Problem description: In the entries below, find the lines that contain the word "allI" and copy them.

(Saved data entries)
-.-.-
lemma nonneg_combination_drop_index:
  fixes b a :: "'a \<Rightarrow> real" and X :: "'a \<Rightarrow> 'b \<Rightarrow> real"
  assumes A: "finite A" and b: "\<And>i. b i \<ge> 0" and a_pos: "\<exists>i\<in>A. a i > 0"
    and rel: "\<And>j. j \<in> B \<Longrightarrow> (\<Sum>i\<in>A. a i * X i j) = 0"
  shows "\<exists>i0\<in>A. \<exists>b'. (\<forall>i. b' i \<ge> 0) \<and>
    (\<forall>j\<in>B. (\<Sum>i\<in>A - {i0}. b' i * X i j) = (\<Sum>i\<in>A. b i * X i j))"
proof -
  define Ap where "Ap = {i\<in>A. a i > 0}"
  have "finite Ap" "Ap \<noteq> {}"
    using A a_pos by (auto simp: Ap_def)
  define t where "t = Min ((\<lambda>i. b i / a i) ` Ap)"
  have "t \<in> (\<lambda>i. b i / a i) ` Ap"
    unfolding t_def using \<open>finite Ap\<close> \<open>Ap \<noteq> {}\<close> by (intro Min_in) auto
  then obtain i0 where i0: "i0 \<in> Ap" "t = b i0 / a i0"
    by blast
  have t_nonneg: "t \<ge> 0"
    using i0 b by (auto simp: Ap_def)
  have shifted_nonneg: "t * a i \<le> b i" if "i \<in> A" for i
  proof (cases "a i > 0")
    case True
    then have "t \<le> b i / a i"
      using \<open>finite Ap\<close> that by (auto simp: t_def Ap_def)
    then show ?thesis
      using True by (simp add: field_simps)
  next
    case False
    then show ?thesis
      using t_nonneg b[of i] mult_nonneg_nonpos[of t "a i"] by linarith
  qed
  define b' where "b' i = max 0 (b i - t * a i)" for i
  have b'_eq: "b' i = b i - t * a i" if "i \<in> A" for i
    using shifted_nonneg[OF that] by (simp add: b'_def)
  have i0_A: "i0 \<in> A" and b_i0: "b i0 - t * a i0 = 0"
    using i0 by (auto simp: Ap_def)
  show ?thesis
  proof (intro bexI[OF _ i0_A] exI[of _ b'] conjI allI ballI)
    show "b' i \<ge> 0" for i
      by (simp add: b'_def)
    fix j assume j: "j \<in> B"
    have "(\<Sum>i\<in>A - {i0}. b' i * X i j) = (\<Sum>i\<in>A - {i0}. (b i - t * a i) * X i j)"
      by (rule sum.cong) (auto simp: b'_eq)
    also have "\<dots> = (\<Sum>i\<in>A. (b i - t * a i) * X i j)"
      using sum.remove[OF A i0_A, of "\<lambda>i. (b i - t * a i) * X i j"] b_i0 by simp
    also have "\<dots> = (\<Sum>i\<in>A. b i * X i j) - t * (\<Sum>i\<in>A. a i * X i j)"
      by (simp add: left_diff_distrib sum_subtractf sum_distrib_left mult.assoc)
    finally show "(\<Sum>i\<in>A - {i0}. b' i * X i j) = (\<Sum>i\<in>A. b i * X i j)"
      using rel[OF j] by simp
  qed
qed

lemma lin_dep_imp_pos_coeff:
  assumes "lin_dep B F A y"
  obtains a where "\<exists>i\<in>A. a i > 0" "\<And>j. j \<in> B \<Longrightarrow> (\<Sum>i\<in>A. a i * pd (F i) y j) = 0"
proof -
  obtain a i where a: "i \<in> A" "a i \<noteq> 0" "\<And>j. j \<in> B \<Longrightarrow> (\<Sum>i\<in>A. a i * pd (F i) y j) = 0"
    using assms unfolding lin_dep_def by blast
  show thesis
  proof (cases "a i > 0")
    case True
    then show thesis
      using that a by blast
  next
    case False
    have "(\<Sum>i\<in>A. - a i * pd (F i) y j) = 0" if "j \<in> B" for j
      using a(3)[OF that] by (simp add: sum_negf)
    then show thesis
      using that[of "\<lambda>i. - a i"] a(1,2) False by force
  qed
qed

section \<open>Approximate KKT points under CPLD\<close>

definition approx_KKT :: "(real^'n \<Rightarrow> real) \<Rightarrow> (nat \<Rightarrow> real^'n \<Rightarrow> real) \<Rightarrow> 'n set \<Rightarrow> real^'n
    \<Rightarrow> nat set \<Rightarrow> real \<Rightarrow> bool" where
  "approx_KKT T F B x A e \<longleftrightarrow> (\<exists>z \<beta>. dist z x < e \<and> (\<forall>i. \<beta> i \<ge> 0) \<and>
      (\<forall>j\<in>B. \<bar>pd T z j + (\<Sum>i\<in>A. \<beta> i * pd (F i) z j)\<bar> < e))"

lemma approx_KKT_mono: "approx_KKT T F B x A e \<Longrightarrow> e \<le> e' \<Longrightarrow> approx_KKT T F B x A e'"
  unfolding approx_KKT_def by (meson less_le_trans)

lemma approx_KKT_Diff_singleton:
  assumes A: "finite A" and S: "open S" "x \<in> S" and dep: "\<And>y. y \<in> S \<Longrightarrow> lin_dep B F A y"
    and apx: "\<forall>e>0. approx_KKT T F B x A e"
  shows "\<exists>i\<in>A. \<forall>e>0. approx_KKT T F B x (A - {i}) e"
proof (rule finite_bex_forall_pos[OF A _ approx_KKT_mono])
  obtain \<delta> where \<delta>: "\<delta> > 0" "ball x \<delta> \<subseteq> S"
    using S open_contains_ball by blast
  fix e :: real assume "e > 0"
  then have "approx_KKT T F B x A (min e \<delta>)"
    using apx \<delta>(1) by simp
  then obtain z \<beta> where z: "dist z x < min e \<delta>" "\<And>i. \<beta> i \<ge> 0"
    "\<And>j. j \<in> B \<Longrightarrow> \<bar>pd T z j + (\<Sum>i\<in>A. \<beta> i * pd (F i) z j)\<bar> < min e \<delta>"
    unfolding approx_KKT_def by auto
  have "z \<in> S"
    using z(1) \<delta>(2) by (auto simp: dist_commute)
  then obtain a where a: "\<exists>i\<in>A. a i > 0" "\<And>j. j \<in> B \<Longrightarrow> (\<Sum>i\<in>A. a i * pd (F i) z j) = 0"
    using dep lin_dep_imp_pos_coeff by blast
  obtain i0 \<beta>' where drop: "i0 \<in> A" "\<forall>i. \<beta>' i \<ge> 0"
    "\<forall>j\<in>B. (\<Sum>i\<in>A - {i0}. \<beta>' i * pd (F i) z j) = (\<Sum>i\<in>A. \<beta> i * pd (F i) z j)"
    using nonneg_combination_drop_index[where b = \<beta> and B = B and X = "\<lambda>i j. pd (F i) z j",
        OF A z(2) a]
    by blast
  show "\<exists>i\<in>A. approx_KKT T F B x (A - {i}) e"
    using drop z unfolding approx_KKT_def
    by (intro bexI[of _ i0]) (auto intro!: exI[of _ z] exI[of _ \<beta>'])
qed

lemma approx_KKT_sequenceE:
  assumes apx: "\<forall>e>0. approx_KKT T F B x A e"
  obtains z \<beta> where "z \<longlonglongrightarrow> x" "\<And>k i. \<beta> k i \<ge> 0"
    "\<And>j. j \<in> B \<Longrightarrow> (\<lambda>k. pd T (z k) j + (\<Sum>i\<in>A. \<beta> k i * pd (F i) (z k) j)) \<longlonglongrightarrow> 0"
proof -
  define e :: "nat \<Rightarrow> real" where "e k = 1 / real (Suc k)" for k
  have "\<forall>k. \<exists>z \<beta>. dist z x < e k \<and> (\<forall>i. \<beta> i \<ge> 0) \<and>
      (\<forall>j\<in>B. \<bar>pd T z j + (\<Sum>i\<in>A. \<beta> i * pd (F i) z j)\<bar> < e k)"
    using apx unfolding approx_KKT_def e_def by simp
  then have "\<exists>z \<beta>. \<forall>k. dist (z k) x < e k \<and> (\<forall>i. \<beta> k i \<ge> 0) \<and>
      (\<forall>j\<in>B. \<bar>pd T (z k) j + (\<Sum>i\<in>A. \<beta> k i * pd (F i) (z k) j)\<bar> < e k)"
    by (simp only: choice_iff)
  then obtain z \<beta> where z: "\<And>k. dist (z k) x < e k" and \<beta>: "\<And>k i. \<beta> k i \<ge> 0"
    and res: "\<And>k j. j \<in> B \<Longrightarrow> \<bar>pd T (z k) j + (\<Sum>i\<in>A. \<beta> k i * pd (F i) (z k) j)\<bar> < e k"
    by blast
  have e: "e \<longlonglongrightarrow> 0"
    unfolding e_def using LIMSEQ_inverse_real_of_nat by (simp add: inverse_eq_divide)
  show thesis
  proof (rule that[OF _ \<beta>])
    have "(\<lambda>k. dist (z k) x) \<longlonglongrightarrow> 0"
      by (rule Lim_null_comparison[OF _ e]) (simp add: less_imp_le z)
    then show "z \<longlonglongrightarrow> x"
      using tendsto_dist_iff by blast
    show "(\<lambda>k. pd T (z k) j + (\<Sum>i\<in>A. \<beta> k i * pd (F i) (z k) j)) \<longlonglongrightarrow> 0" if "j \<in> B" for j
      by (rule Lim_null_comparison[OF _ e]) (simp add: less_imp_le res[OF that])
  qed
qed

lemma approx_KKT_imp_Fritz_John:
  assumes cont_T: "\<And>j. continuous_on UNIV (\<lambda>x. pd T x j)"
    and cont_F: "\<And>i j. i \<in> A \<Longrightarrow> continuous_on UNIV (\<lambda>x. pd (F i) x j)"
    and A: "finite A" and apx: "\<forall>e>0. approx_KKT T F B x A e"
  obtains c \<gamma> where "c \<ge> 0" "\<And>i. i \<in> A \<Longrightarrow> \<gamma> i \<ge> 0" "c + sum \<gamma> A = 1"
    "\<And>j. j \<in> B \<Longrightarrow> c * pd T x j + (\<Sum>i\<in>A. \<gamma> i * pd (F i) x j) = 0"
proof -
  obtain z \<beta> where z: "z \<longlonglongrightarrow> x" and \<beta>: "\<And>k i. \<beta> k i \<ge> 0"
    and res: "\<And>j. j \<in> B \<Longrightarrow> (\<lambda>k. pd T (z k) j + (\<Sum>i\<in>A. \<beta> k i * pd (F i) (z k) j)) \<longlonglongrightarrow> 0"
    by (rule approx_KKT_sequenceE[OF apx]) (rule that)
  obtain r \<sigma> c \<gamma> where r: "strict_mono r" and c: "(\<lambda>k. \<sigma> (r k)) \<longlonglongrightarrow> c"
    and \<gamma>: "\<And>i. i \<in> A \<Longrightarrow> (\<lambda>k. \<sigma> (r k) * \<beta> (r k) i) \<longlonglongrightarrow> \<gamma> i"
    and signs: "c \<ge> 0" "\<And>i. i \<in> A \<Longrightarrow> \<gamma> i \<ge> 0" "c + sum \<gamma> A = 1"
    by (rule normalized_multipliers_subseq[where \<beta> = \<beta>, OF A \<beta>]) (rule that)
  have zr: "(\<lambda>k. z (r k)) \<longlonglongrightarrow> x"
    using LIMSEQ_subseq_LIMSEQ[OF z r] by (simp add: o_def)
  show thesis
  proof (rule that[OF signs])
    fix j assume j: "j \<in> B"
    have "(\<lambda>k. \<sigma> (r k) * pd T (z (r k)) j + (\<Sum>i\<in>A. (\<sigma> (r k) * \<beta> (r k) i) * pd (F i) (z (r k)) j))
        \<longlonglongrightarrow> c * pd T x j + (\<Sum>i\<in>A. \<gamma> i * pd (F i) x j)"
      using cont_T cont_F
      by (intro tendsto_intros c \<gamma> continuous_on_UNIV_tendsto_compose[OF _ zr]) auto
    moreover have "(\<lambda>k. \<sigma> (r k) * (pd T (z (r k)) j + (\<Sum>i\<in>A. \<beta> (r k) i * pd (F i) (z (r k)) j)))
        \<longlonglongrightarrow> c * 0"
      using LIMSEQ_subseq_LIMSEQ[OF res[OF j] r] by (intro tendsto_mult c) (simp add: o_def)
    ultimately show "c * pd T x j + (\<Sum>i\<in>A. \<gamma> i * pd (F i) x j) = 0"
      by (simp add: LIMSEQ_unique distrib_left sum_distrib_left mult.assoc)
  qed
qed

definition KKT_point :: "(real^'n \<Rightarrow> real) \<Rightarrow> (nat \<Rightarrow> real^'n \<Rightarrow> real) \<Rightarrow> 'n set \<Rightarrow> nat
    \<Rightarrow> real^'n \<Rightarrow> bool" where
  "KKT_point T F B q x \<longleftrightarrow> (\<exists>mult. (\<forall>j\<in>B. pd T x j + (\<Sum>i<q. mult i * pd (F i) x j) = 0) \<and>
      (\<forall>i<q. min (- F i x) (mult i) = 0))"

lemma KKT_pointI_active:
  assumes feas: "\<And>i. i < q \<Longrightarrow> F i x \<le> 0" and A: "A \<subseteq> {i. i < q \<and> F i x = 0}"
    and \<beta>: "\<And>i. i \<in> A \<Longrightarrow> \<beta> i \<ge> 0"
    and stat: "\<And>j. j \<in> B \<Longrightarrow> pd T x j + (\<Sum>i\<in>A. \<beta> i * pd (F i) x j) = 0"
  shows "KKT_point T F B q x"
  unfolding KKT_point_def
proof (intro exI[of _ "\<lambda>i. if i \<in> A then \<beta> i else 0"] conjI allI impI ballI)
  fix j assume "j \<in> B"
  have "(\<Sum>i<q. (if i \<in> A then \<beta> i else 0) * pd (F i) x j) = (\<Sum>i\<in>A. \<beta> i * pd (F i) x j)"
    using A by (intro sum.mono_neutral_cong_right) auto
  then show "pd T x j + (\<Sum>i<q. (if i \<in> A then \<beta> i else 0) * pd (F i) x j) = 0"
    using stat[OF \<open>j \<in> B\<close>] by simp
next
  fix i assume "i < q"
  then show "min (- F i x) (if i \<in> A then \<beta> i else 0) = 0"
    using feas[OF \<open>i < q\<close>] A \<beta> by (auto simp: min_def)
qed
-.-.-
Exercise solution:
  proof (intro bexI[OF _ i0_A] exI[of _ b'] conjI allI ballI)
proof (intro exI[of _ "\<lambda>i. if i \<in> A then \<beta> i else 0"] conjI allI impI ballI)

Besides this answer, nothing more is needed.